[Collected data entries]
lemma arlod_reachable_grow_supporters:
  assumes "simple_graph N E" "connected_graph N E" "0 < \<epsilon>" "\<epsilon> < 1" "0 < \<alpha>" "\<alpha> < 1"
    and "op \<in> {-1, 1}" "strict_supporters N Q op \<noteq> {}" "strict_supporters N Q op \<noteq> {1..N}"
  shows "\<exists>Q'. arlod_reachable N E \<epsilon> \<alpha> Q Q' \<and> strict_supporters N Q op \<subset> strict_supporters N Q' op"
proof -
  define S where "S = strict_supporters N Q op"
  obtain u where "u \<in> S"
    using assms(8) unfolding S_def by blast
  obtain v where "v \<in> {1..N} - S"
    using assms(9) strict_supporters_subset unfolding S_def by blast
  have "(u, v) \<in> E\<^sup>*"
    using connected_graphD[OF assms(2)] \<open>u \<in> S\<close> \<open>v \<in> {1..N} - S\<close> strict_supporters_subset
    unfolding S_def by blast
  then obtain x y where xy: "(x, y) \<in> E" "x \<in> S" "y \<notin> S"
    using rtrancl_leaves_set \<open>u \<in> S\<close> \<open>v \<in> {1..N} - S\<close> by (metis DiffD2)
  have "y \<in> {1..N}"
    using assms(1) xy(1) by (auto simp: simple_graph_def)
  have "favoured Q x = op"
    using xy(2) assms(7) by (intro favoured_eqI) (auto simp: S_def strict_supporters_def)
  then obtain a b where "a > b"
    and reach: "arlod_reachable N E \<epsilon> \<alpha> Q (Q(y := (Q y)(op := a, -op := b)))"
    using arlod_reachable_adopt[OF assms(1,3,4) xy(1) assms(5-7)] by blast
  have "op \<noteq> -op"
    using assms(7) by auto
  then have "strict_supporters N (Q(y := (Q y)(op := a, -op := b))) op = insert y S"
    using \<open>a > b\<close> \<open>y \<in> {1..N}\<close> by (auto simp: S_def strict_supporters_def)
  then show ?thesis
    using reach xy(3) unfolding S_def by blast
qed
lemma min_singly_even_residual_weight:
  assumes min_weight: "\<And>x. x \<in> C \<Longrightarrow> x \<noteq> 0 \<Longrightarrow> D \<le> hamming_weight x"
    and "y \<in> residual_code C c" "y \<noteq> 0"
  shows "(D + 1) div 2 + (if hamming_weight c = D then 1 else 0) \<le> hamming_weight y"
proof -
  obtain x where x: "x \<in> C" "y = puncture c x"
    using assms(2) by (auto simp: residual_code_def)
  then have "x \<noteq> 0" "x + c \<noteq> 0"
    using assms(3) puncture_neq_0_imp by blast+
  moreover have "x + c \<in> C"
    using subspace c(1) x(1) by (simp add: subspace_bit_iff)
  ultimately have "hamming_weight c + D \<le> hamming_weight x + hamming_weight (x + c)"
    using self_orthogonal_singly_even_add[OF self_orthogonal x(1) c] c_min min_weight x(1)
    by (metis add.commute add_mono)
  then have ge: "D \<le> 2 * hamming_weight y"
    using hamming_weight_add_puncture[of x c] unfolding x(2) by linarith
  have "4 dvd 2 * hamming_weight y"
    using self_orthogonal_even_weight_puncture[OF self_orthogonal x(1) c(1)] unfolding x(2)
    by (simp only: even_iff_four_dvd_double)
  with ge c(2) have "D < 2 * hamming_weight y" if "hamming_weight c = D"
    using that by (cases "D = 2 * hamming_weight y") auto
  moreover have "even D" if "hamming_weight c = D"
    using self_orthogonal_even_weight[OF self_orthogonal c(1)] that by simp
  ultimately show ?thesis
    using ge by (auto simp: half_le_iff_le_double even_half_lt_iff_lt_double Suc_le_eq)
qed

lemma min_singly_even_contradicts_griesmer:
  assumes "2 \<le> k" "2 ^ k \<le> card C"
    and min_weight: "\<And>x. x \<in> C \<Longrightarrow> x \<noteq> 0 \<Longrightarrow> D \<le> hamming_weight x"
    and length: "CARD('n) \<le> griesmer_length k D"
  shows False
proof -
  obtain j where k: "k = Suc (Suc j)"
    using assms(1) by (metis add_2_eq_Suc le_Suc_ex)
  let ?R = "residual_code C c"
  define d where "d = (D + 1) div 2 + (if hamming_weight c = D then 1 else 0)"
  have residual_bound: "griesmer_length (Suc j) d \<le> card (UNIV - support c)"
  proof (rule griesmer_bound)
    show "vec.subspace ?R"
      using subspace by (rule subspace_residual_code)
    have "card C \<le> 2 * card ?R"
      using subspace c(1) min_singly_even_kernel by (rule card_le_twice_card_residual_code)
    then show "2 ^ Suc j \<le> card ?R"
      using assms(2) k by simp
  next
    fix y assume "y \<in> ?R"
    then show "support y \<subseteq> UNIV - support c"
      by (auto simp: residual_code_def support_puncture)
    assume "y \<noteq> 0"
    with \<open>y \<in> ?R\<close> show "d \<le> hamming_weight y"
      using min_singly_even_residual_weight[OF min_weight] by (simp add: d_def)
  qed
  have "card (UNIV - support c) = CARD('n) - hamming_weight c"
    by (simp add: hamming_weight_eq_card_support card_Diff_subset)
  moreover have "hamming_weight c \<le> CARD('n)"
    by (simp add: hamming_weight_eq_card_support card_mono)
  ultimately have "griesmer_length (Suc j) d + hamming_weight c \<le> D + griesmer_length (Suc j) ((D + 1) div 2)"
    using residual_bound length griesmer_length.simps(2)[of "Suc j" D] unfolding k by linarith
  moreover have "D \<le> hamming_weight c"
    using min_weight[OF c(1)] c(2) by fastforce
  moreover have "griesmer_length (Suc j) ((D + 1) div 2) < griesmer_length (Suc j) ((D + 1) div 2 + 1)"
    by (rule griesmer_length_Suc_strict_mono) simp
  ultimately show False
    unfolding d_def by (cases "hamming_weight c = D") simp_all
qed

end

theorem self_orthogonal_griesmer_imp_doubly_even:
  fixes C :: "(bit ^ 'n) set"
  assumes "vec.subspace C" "self_orthogonal C" "2 \<le> k" "2 ^ k \<le> card C"
    and "\<And>x. x \<in> C \<Longrightarrow> x \<noteq> 0 \<Longrightarrow> D \<le> hamming_weight x"
    and "CARD('n) \<le> griesmer_length k D"
  shows "doubly_even C"
proof (rule ccontr)
  assume "\<not> doubly_even C"
  then obtain x where "x \<in> C" "\<not> 4 dvd hamming_weight x"
    by (auto simp: doubly_even_def)
  then have "x \<in> C \<and> hamming_weight x mod 4 = 2"
    using even_mod_four_cases[OF self_orthogonal_even_weight[OF assms(2)]] by fastforce
  then obtain c where "c \<in> C" "hamming_weight c mod 4 = 2"
    and "\<And>y. y \<in> C \<Longrightarrow> hamming_weight y mod 4 = 2 \<Longrightarrow> hamming_weight c \<le> hamming_weight y"
    using ex_has_least_nat[of "\<lambda>x. x \<in> C \<and> hamming_weight x mod 4 = 2" x hamming_weight] by blast
  then show False
    using min_singly_even_contradicts_griesmer assms by blast
qed

theorem proposition3p8:
  fixes C :: "(bit ^ 'n) set" and N k D :: nat
  assumes "k \<ge> 3"
    and "is_NkD_code C N k D"
    and "griesmer N k D"
  shows "self_orthogonal C \<longleftrightarrow> doubly_even C"
proof -
  from assms(2) have subspace: "vec.subspace C" and "N = CARD('n)" "vec.dim C = k" "min_distance C = D"
    by (auto simp: is_NkD_code_def binary_linear_code_def code_dim_def)
  then have "card C = 2 ^ k"
    by (simp add: card_subspace)
  moreover have "D \<le> hamming_weight x" if "x \<in> C" "x \<noteq> 0" for x
    using min_distance_le_hamming_weight[OF vec.subspace_0[OF subspace] that] \<open>min_distance C = D\<close> by simp
  moreover have "CARD('n) = griesmer_length k D"
    using assms(3) \<open>N = CARD('n)\<close> by (simp add: griesmer_def griesmer_length_eq_sum)
  moreover have "2 \<le> k"
    using assms(1) by simp
  ultimately show ?thesis
    using subspace doubly_even_imp_self_orthogonal self_orthogonal_griesmer_imp_doubly_even[of C k D]
    by auto
qed

end
(* Let $G$ and $H$ be nontrivial finite groups such that the cyclic graph $\Delta(G\times H)$ is connected. Then $\mathrm{diam}(\Delta(G\times H))\le 7$.
   Context: For a finite group $X$, the cyclic graph $\Delta(X)$ has vertex set $X^{\#}=X\setminus\{1\}$, and distinct vertices $x,y$ are adjacent if and only if the subgroup $\langle x,y\rangle$ is cyclic. The diameter is the maximum graph distance between two vertices. *)

theory Defs
  imports "HOL-Algebra.Algebra"
begin

definition cyc_vertices :: "('a, 'b) monoid_scheme \<Rightarrow> 'a set" where
  "cyc_vertices G = carrier G - {\<one>\<^bsub>G\<^esub>}"

definition cyc_adj :: "('a, 'b) monoid_scheme \<Rightarrow> 'a \<Rightarrow> 'a \<Rightarrow> bool" where
  "cyc_adj G x y \<longleftrightarrow> x \<in> cyc_vertices G \<and> y \<in> cyc_vertices G \<and> x \<noteq> y \<and>
     cyclic_group (subgroup_generated G {x, y})"

definition cyc_walk :: "('a, 'b) monoid_scheme \<Rightarrow> 'a list \<Rightarrow> bool" where
  "cyc_walk G ps \<longleftrightarrow> ps \<noteq> [] \<and> set ps \<subseteq> cyc_vertices G \<and>
     (\<forall>i. Suc i < length ps \<longrightarrow> cyc_adj G (ps ! i) (ps ! Suc i))"

definition cyc_connected :: "('a, 'b) monoid_scheme \<Rightarrow> bool" where
  "cyc_connected G \<longleftrightarrow> (\<forall>x\<in>cyc_vertices G. \<forall>y\<in>cyc_vertices G.
     \<exists>ps. cyc_walk G ps \<and> hd ps = x \<and> last ps = y)"
text \<open>Each square \<open>(a/2)\<^sup>2\<close> appears twice so that the nine terms form a list of squares.\<close>
lemma sum_squares_times_choi_lam:
  "(u^2+v^2+w^2) * choi_lam u v w =
       (u^3*v - u*v*w^2)^2 + (v^3*w - u^2*v*w)^2 + (w^3*u - u*v^2*w)^2
     + ((u^2*v^2 - v^2*w^2)/2)^2 + ((u^2*v^2 - v^2*w^2)/2)^2
     + ((v^2*w^2 - w^2*u^2)/2)^2 + ((v^2*w^2 - w^2*u^2)/2)^2
     + ((w^2*u^2 - u^2*v^2)/2)^2 + ((w^2*u^2 - u^2*v^2)/2)^2"
proof -
  have "2*((u^2+v^2+w^2) * (u^4*v^2 + v^4*w^2 + u^2*w^4 - 3*u^2*v^2*w^2))
      = 2*((u^3*v - u*v*w^2)^2 + (v^3*w - u^2*v*w)^2 + (w^3*u - u*v^2*w)^2)
        + (u^2*v^2 - v^2*w^2)^2 + (v^2*w^2 - w^2*u^2)^2 + (w^2*u^2 - u^2*v^2)^2"
    by algebra
  then show ?thesis unfolding choi_lam_def by (simp add: power_divide)
qed

lemma choi_lam_nonneg: "choi_lam u v w \<ge> 0"
proof (cases "u^2+v^2+w^2 > 0")
  case True
  have "0 \<le> (u^2+v^2+w^2) * choi_lam u v w" unfolding sum_squares_times_choi_lam by simp
  then show ?thesis using True by (simp add: zero_le_mult_iff)
next
  case False
  then have "u = 0" "v = 0" "w = 0"
    by (smt (verit) power2_less_eq_zero_iff zero_le_power2)+
  then show ?thesis by (simp add: choi_lam_def)
qed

§ **Goal of the exercise**:
The lines of the data, from the first through the one containing "obtain v where", are to be transcribed exactly.

§ **Response area**:
lemma arlod_reachable_grow_supporters:
  assumes "simple_graph N E" "connected_graph N E" "0 < \<epsilon>" "\<epsilon> < 1" "0 < \<alpha>" "\<alpha> < 1"
    and "op \<in> {-1, 1}" "strict_supporters N Q op \<noteq> {}" "strict_supporters N Q op \<noteq> {1..N}"
  shows "\<exists>Q'. arlod_reachable N E \<epsilon> \<alpha> Q Q' \<and> strict_supporters N Q op \<subset> strict_supporters N Q' op"
proof -
  define S where "S = strict_supporters N Q op"
  obtain u where "u \<in> S"
    using assms(8) unfolding S_def by blast
  obtain v where "v \<in> {1..N} - S"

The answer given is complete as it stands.